Commençons par ces échanges, riches en informations inédites ou en pistes.
Selim Fourniret : Il parlait souvent, quand il était à la maison, de la franc-maçonnerie. Dans ses lettres il faisait référence à un maître qu’il avait, et des commandes spéciales, ce qui laisse supposer…
Oli Porro Santoro : C’est vrai que nous avons reçu une lettre datée du 5 janvier 2015 dans laquelle Michel Fourniret évoque un homme qu’il appelle son maître, voilà c’est cette lettre qui passe là, un homme qu’il appelle son vénérable maître, Paul-Louis Deschamps, qu’il côtoyait à l’époque. Il faut savoir que Selim insiste sur un point, c’est ce que son père n’était absolument pas un loup solitaire, il y avait du passage à la maison, c’est ce qu’il répète sans cesse. En fait il évoque ce monsieur Deschamps, qui lui faisait des commandes de « machines spéciales » pour son laboratoire, son client et concurrent. Qu’est-ce que ça veut dire, est-ce qu’il s’agit d’un message codé ?
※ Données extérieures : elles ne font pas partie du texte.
lemma point_eval_span_comp:
  fixes F :: "'x \<Rightarrow> 'p \<Rightarrow> 'k::field"
  assumes "L \<in> point_eval_span" "fspace.subspace V" "\<And>p. (\<lambda>x. F x p) \<in> V"
  shows "(\<lambda>x. L (F x)) \<in> V"
  using assms(1)
proof (induction rule: fspace.span_induct_alt)
  case base
  show ?case using fspace.subspace_0[OF assms(2)] by (simp add: zero_fun_def)
next
  case (step c e L)
  then obtain p where "e = (\<lambda>f. f p)" by blast
  then have "(\<lambda>x. (fun_scale (*) c e + L) (F x))
      = fun_scale (*) c (\<lambda>x. F x p) + (\<lambda>x. L (F x))"
    by (simp add: fun_scale_def fun_eq_iff)
  then show ?case
    using step(2) assms(2,3) by (simp add: fspace.subspace_add fspace.subspace_scale)
qed

lemma span_mult:
  fixes S T :: "('a \<Rightarrow> 'k::field) set"
  assumes f: "f \<in> fspace.span S" and g: "g \<in> fspace.span T"
  shows "(\<lambda>x. f x * g x) \<in> fspace.span {\<lambda>x. a x * b x |a b. a \<in> S \<and> b \<in> T}"
    (is "_ \<in> fspace.span ?M")
proof -
  have left: "(\<lambda>x. a x * g x) \<in> fspace.span ?M" if a: "a \<in> S" for a
    using g
  proof (induction rule: fspace.span_induct_alt)
    case base
    show ?case by simp
  next
    case (step c b h)
    have "(\<lambda>x. a x * (fun_scale (*) c b + h) x)
        = fun_scale (*) c (\<lambda>x. a x * b x) + (\<lambda>x. a x * h x)"
      by (simp add: fun_scale_def fun_eq_iff algebra_simps)
    moreover have "(\<lambda>x. a x * b x) \<in> ?M" using a step(1) by blast
    ultimately show ?case
      using step(2) by (simp add: fspace.span_add fspace.span_scale fspace.span_base)
  qed
  from f show ?thesis
  proof (induction rule: fspace.span_induct_alt)
    case base
    show ?case by simp
  next
    case (step c a h)
    have "(\<lambda>x. (fun_scale (*) c a + h) x * g x)
        = fun_scale (*) c (\<lambda>x. a x * g x) + (\<lambda>x. h x * g x)"
      by (simp add: fun_scale_def fun_eq_iff algebra_simps)
    then show ?case
      using step left by (simp add: fspace.span_add fspace.span_scale)
  qed
qed

lemma finite_span_powers:
  fixes S :: "('a \<Rightarrow> 'k::field) set"
  assumes "finite S"
  shows "\<exists>T. finite T \<and> (\<forall>f \<in> fspace.span S. (\<lambda>x. f x ^ n) \<in> fspace.span T)"
proof (induction n)
  case 0
  have "(\<lambda>x. f x ^ 0) \<in> fspace.span {\<lambda>_. 1}" for f :: "'a \<Rightarrow> 'k"
    by (simp add: fspace.span_base)
  then show ?case by blast
next
  case (Suc n)
  then obtain T where T: "finite T" "\<forall>f \<in> fspace.span S. (\<lambda>x. f x ^ n) \<in> fspace.span T"
    by blast
  have "finite {\<lambda>x. a x * b x |a b. a \<in> S \<and> b \<in> T}"
    using finite_image_set2[of "\<lambda>a. a \<in> S" "\<lambda>b. b \<in> T" "\<lambda>a b x. a x * b x"] assms T(1)
    by simp
  moreover have "(\<lambda>x. f x ^ Suc n) \<in> fspace.span {\<lambda>x. a x * b x |a b. a \<in> S \<and> b \<in> T}"
    if "f \<in> fspace.span S" for f
    using span_mult[OF that bspec[OF T(2) that]] by simp
  ultimately show ?case by blast
qed

lemma (in vector_space) span_exchange:
  assumes "finite S" "g \<in> span S" "g \<noteq> 0"
  shows "\<exists>b\<in>S. S \<subseteq> span (insert g (S - {b}))"
  using assms
proof (induction S rule: finite_induct)
  case empty
  then show ?case by simp
next
  case (insert s S)
  show ?case
  proof (cases "g \<in> span S")
    case True
    then obtain b where b: "b \<in> S" "S \<subseteq> span (insert g (S - {b}))"
      using insert by blast
    have "span (insert g (S - {b})) \<subseteq> span (insert g (insert s S - {b}))"
      by (rule span_mono) auto
    moreover have "s \<in> span (insert g (insert s S - {b}))"
      using b insert(2) by (intro span_base) auto
    ultimately show ?thesis using b by (intro bexI[of _ b]) auto
  next
    case False
    have "s \<in> span (insert g S)"
      by (rule in_span_insert[OF insert(4) False])
    moreover have "insert s S - {s} = S"
      using insert(2) by auto
    ultimately show ?thesis
      using span_superset[of "insert g S"] by (intro bexI[of _ s]) auto
  qed
qed

section \<open>Interpolation by point evaluations\<close>

definition project_along :: "('a \<Rightarrow> 'k::field) \<Rightarrow> 'a \<Rightarrow> ('a \<Rightarrow> 'k) \<Rightarrow> 'a \<Rightarrow> 'k" where
  "project_along g p f = (\<lambda>x. f x - f p / g p * g x)"

lemma span_project_along:
  assumes "g p \<noteq> 0" "h \<in> fspace.span (insert g T)"
  shows "project_along g p h \<in> fspace.span (project_along g p ` T)"
  using assms(2)
proof (induction rule: fspace.span_induct_alt)
  case base
  show ?case by (simp add: project_along_def)
next
  case (step c e h)
  have "project_along g p e \<in> fspace.span (project_along g p ` T)"
  proof (cases "e = g")
    case True
    then show ?thesis using assms(1) by (simp add: project_along_def)
  next
    case False
    then show ?thesis using step(1) by (simp add: fspace.span_base)
  qed
  moreover have "project_along g p (fun_scale (*) c e + h)
      = fun_scale (*) c (project_along g p e) + project_along g p h"
    by (simp add: project_along_def fun_scale_def fun_eq_iff algebra_simps add_divide_distrib)
  ultimately show ?case
    using step(2) by (simp only: fspace.span_add fspace.span_scale)
qed

lemma project_along_point_eval: "(\<lambda>f. project_along g p f x) \<in> point_eval_span"
proof -
  have "(\<lambda>f. project_along g p f x) = (\<lambda>f. f x) - fun_scale (*) (g x / g p) (\<lambda>f. f p)"
    by (simp add: project_along_def fun_scale_def fun_eq_iff)
  then show ?thesis
    by (simp add: fspace.span_diff fspace.span_scale point_eval_in_span)
qed

lemma sum_fun_apply: "(\<Sum>i\<in>A. F i) x = (\<Sum>i\<in>A. F i x)"
  by (induction A rule: infinite_finite_induct) auto

lemma project_along_sum_eq:
  assumes "g p \<noteq> 0"
    and "project_along g p f x = (\<Sum>i<r. a i * project_along g p (h i) x)"
  shows "f x = (\<Sum>i<r. a i * h i x) + (f p - (\<Sum>i<r. a i * h i p)) / g p * g x"
proof -
  have "f x - f p / g p * g x = (\<Sum>i<r. a i * (h i x - h i p / g p * g x))"
    using assms(2) by (simp add: project_along_def)
  also have "\<dots> = (\<Sum>i<r. a i * h i x) - (\<Sum>i<r. a i * h i p) / g p * g x"
    by (simp add: right_diff_distrib sum_subtractf sum_distrib_left sum_distrib_right
        sum_divide_distrib mult_ac)
  finally show ?thesis
    using assms(1) by (simp add: diff_divide_distrib algebra_simps)
qed

lemma point_eval_span_comp_project_along:
  assumes "L \<in> point_eval_span"
  shows "(\<lambda>f. L (project_along g p f)) \<in> point_eval_span"
  using assms by (rule point_eval_span_comp[OF _ fspace.subspace_span project_along_point_eval])

lemma point_eval_span_correction:
  assumes "\<And>j. j < r \<Longrightarrow> M j \<in> point_eval_span"
  shows "(\<lambda>f. (f p - (\<Sum>j<r. M j f * c j)) / d) \<in> point_eval_span"
proof -
  have "(\<lambda>f. (f p - (\<Sum>j<r. M j f * c j)) / d)
      = fun_scale (*) (1 / d) ((\<lambda>f. f p) - (\<Sum>j<r. fun_scale (*) (c j) (M j)))"
    by (simp add: fun_scale_def fun_eq_iff sum_fun_apply algebra_simps diff_divide_distrib)
  also have "\<dots> \<in> point_eval_span"
    using assms
    by (intro fspace.span_scale fspace.span_diff fspace.span_sum point_eval_in_span) simp_all
  finally show ?thesis .
qed

lemma preimage_choice:
  assumes "\<forall>i<r. g i \<in> f ` A"
  shows "\<exists>h. \<forall>i<r. h i \<in> A \<and> g i = f (h i)"
proof -
  define h where "h i = (SOME a. a \<in> A \<and> g i = f a)" for i
  have "h i \<in> A \<and> g i = f (h i)" if "i < r" for i
  proof -
    have "\<exists>a. a \<in> A \<and> g i = f a"
      using assms that by blast
    then show ?thesis
      unfolding h_def by (rule someI_ex)
  qed
  then show ?thesis by blast
qed

text \<open>Induction on the size of the spanning set: for g0 in G and p0 with g0 p0 \<noteq> 0, projecting
  along g0 onto the functions vanishing at p0 maps G into the span of one function fewer
  (exchange lemma); an interpolation of the projected family then extends by the node g0,
  whose coefficient is read off at p0.\<close>

lemma interpolation_by_point_evals:
  fixes S G :: "('a \<Rightarrow> 'k::field) set"
  assumes "finite S" "G \<subseteq> fspace.span S"
  shows "\<exists>(r::nat) g L. (\<forall>i<r. g i \<in> G \<and> L i \<in> point_eval_span)
            \<and> (\<forall>f\<in>G. \<forall>x. f x = (\<Sum>i<r. L i f * g i x))"
  using assms
proof (induction "card S" arbitrary: S G rule: less_induct)
  case less
  show ?case
  proof (cases "G \<subseteq> {0}")
    case True
    then show ?thesis by (intro exI[of _ "0::nat"]) auto
  next
    case False
    then obtain g0 where "g0 \<in> G" "g0 \<noteq> 0" by blast
    moreover from this(2) obtain p0 where "g0 p0 \<noteq> 0" by (auto simp: fun_eq_iff)
    ultimately have g0: "g0 \<in> G" "g0 p0 \<noteq> 0" and "g0 \<noteq> 0" by auto
    then obtain b where b: "b \<in> S" "S \<subseteq> fspace.span (insert g0 (S - {b}))"
      using fspace.span_exchange[OF less(2)] less(3) g0(1) by blast
    define \<pi> where "\<pi> = project_along g0 p0"
    have "fspace.span S \<subseteq> fspace.span (insert g0 (S - {b}))"
      by (rule fspace.span_minimal[OF b(2) fspace.subspace_span])
    then have sub: "\<pi> ` G \<subseteq> fspace.span (\<pi> ` (S - {b}))"
      using less(3) span_project_along[of g0 p0, OF g0(2)] unfolding \<pi>_def by blast
    have card_less: "card (\<pi> ` (S - {b})) < card S"
      using card_image_le[of "S - {b}" \<pi>] card_Diff1_less[OF less(2) b(1)] less(2) by simp
    have fin: "finite (\<pi> ` (S - {b}))"
      using less(2) by simp
    obtain r :: nat and g' L' where IH: "\<forall>i<r. g' i \<in> \<pi> ` G \<and> L' i \<in> point_eval_span"
        "\<forall>f\<in>\<pi> ` G. \<forall>x. f x = (\<Sum>i<r. L' i f * g' i x)"
      using less(1)[OF card_less fin sub] by (elim exE conjE) (rule that)
    have "\<forall>i<r. g' i \<in> \<pi> ` G"
      using IH(1) by blast
    then obtain h where h: "\<forall>i<r. h i \<in> G \<and> g' i = \<pi> (h i)"
      by (elim preimage_choice[THEN exE])
    define g where "g i = (if i < r then h i else g0)" for i
    define L where "L i = (if i < r then (\<lambda>f. L' i (\<pi> f))
        else (\<lambda>f. (f p0 - (\<Sum>j<r. L' j (\<pi> f) * h j p0)) / g0 p0))" for i
    have "g i \<in> G \<and> L i \<in> point_eval_span" if "i < Suc r" for i
      using that h g0(1) IH(1) unfolding g_def L_def \<pi>_def
      by (auto intro!: point_eval_span_comp_project_along point_eval_span_correction)
    moreover have "f x = (\<Sum>i<Suc r. L i f * g i x)" if "f \<in> G" for f x
    proof -
      have "\<pi> f x = (\<Sum>i<r. L' i (\<pi> f) * \<pi> (h i) x)"
        using IH(2) h that by auto
      then have "f x = (\<Sum>i<r. L' i (\<pi> f) * h i x)
          + (f p0 - (\<Sum>i<r. L' i (\<pi> f) * h i p0)) / g0 p0 * g0 x"
        unfolding \<pi>_def by (rule project_along_sum_eq[of g0 p0 f x, OF g0(2)])
      then show ?thesis
        by (simp add: L_def g_def)
    qed
    ultimately show ?thesis by blast
  qed
qed

lemma finite_span_family_interpolation:
  fixes T :: "'x \<Rightarrow> 'a \<Rightarrow> 'k::field"
  assumes "finite S" "range T \<subseteq> fspace.span S"
  shows "\<exists>(r::nat) xs L. (\<forall>i<r. L i \<in> point_eval_span)
           \<and> (\<forall>x q. T x q = (\<Sum>i<r. L i (T x) * T (xs i) q))"
proof -
  obtain r :: nat and g L where gL: "\<forall>i<r. g i \<in> range T \<and> L i \<in> point_eval_span"
    and interpolation: "\<forall>f\<in>range T. \<forall>q. f q = (\<Sum>i<r. L i f * g i q)"
    using interpolation_by_point_evals[OF assms] by (elim exE conjE) (rule that)
  have "\<forall>i<r. g i \<in> T ` UNIV"
    using gL by blast
  then obtain xs where xs: "\<forall>i<r. xs i \<in> UNIV \<and> g i = T (xs i)"
    by (elim preimage_choice[THEN exE])
  show ?thesis
  proof (intro exI[of _ r] exI[of _ xs] exI[of _ L] conjI allI impI)
    show "L i \<in> point_eval_span" if "i < r" for i
      using gL that by blast
    fix x q
    have "T x q = (\<Sum>i<r. L i (T x) * g i q)"
      by (rule interpolation[rule_format, of "T x" q]) simp
    then show "T x q = (\<Sum>i<r. L i (T x) * T (xs i) q)"
      using xs by simp
  qed
qed

section \<open>Evaluation functionals on P(^k F)\<close>

lemma multilin_in_span_of_values:
  assumes "vector_space sX" "vector_space sY" and A: "multilin sX sY k A"
    and "\<And>i. i < k \<Longrightarrow> y i \<in> module.span sX B"
  shows "A y \<in> module.span sY (A ` PiE {..<k} (\<lambda>_. B))"
proof -
  interpret X: vector_space sX by fact
  interpret Y: vector_space sY by fact
  let ?V = "Y.span (A ` PiE {..<k} (\<lambda>_. B))"
  have "A y \<in> ?V"
    if "j \<le> k" "\<And>i. i < j \<Longrightarrow> y i \<in> X.span B"
      "\<And>i. j \<le> i \<Longrightarrow> i < k \<Longrightarrow> y i \<in> B" for j y
    using that
  proof (induction j arbitrary: y)
    case 0
    have "A y = A (restrict y {..<k})"
      by (rule multilin_cong[OF A]) simp
    moreover have "restrict y {..<k} \<in> PiE {..<k} (\<lambda>_. B)"
      using 0 by auto
    ultimately show ?case by (simp add: Y.span_base)
  next
    case (Suc j)
    then have j: "j < k" by simp
    have "A (y(j := a)) \<in> ?V" if "a \<in> X.span B" for a
      using that
    proof (induction rule: X.span_induct_alt)
      case base
      have "A (y(j := 0)) = 0"
        using multilin_scale[OF A j, of y 0 0] by simp
      then show ?case by (metis Y.span_zero)
    next
      case (step c a z)
      have "A (y(j := a)) \<in> ?V"
        using Suc step(1) by (intro Suc.IH) auto
      moreover have "A (y(j := sX c a + z)) = sY c (A (y(j := a))) + A (y(j := z))"
        by (simp only: multilin_add[OF A j] multilin_scale[OF A j])
      ultimately show ?case
        using step(2) by (metis Y.span_add Y.span_scale)
    qed
    from this[of "y j"] show ?case using Suc.prems by simp
  qed
  from this[OF order_refl assms(4)] show ?thesis by simp
qed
Nous on a été auditionnés à plusieurs reprises, suite à notre visite en prison on en a parlé aux enquêteurs, mais le problème est que cette personne n’a jamais, jamais été auditionnée. Aucune suite, ils sont tous au courant de la lettre, on a saisi la police des polices récemment, la police a lancé récemment des appels à témoins alors que peut-être cet homme sait quelque chose étant donné qu’il côtoyait Fourniret durant ses longues années d’impunité, un type quand même qui du jour au lendemain s’achète un château avec de l’argent liquide, Selim m’a dit d’ailleurs qu’ils allaient beaucoup à Bruxelles à l’époque, pour changer l’or en argent liquide, c’est ça, tu te souviens ? Cet homme n’a jamais été entendu, c’est vrai que ça, c’est quelque chose, une zone d’ombre de ce que nous, nous avons trouvé durant notre enquête, qui nous laisse un peu cois, on comprend pas pourquoi cet homme n’a pas été auditionné.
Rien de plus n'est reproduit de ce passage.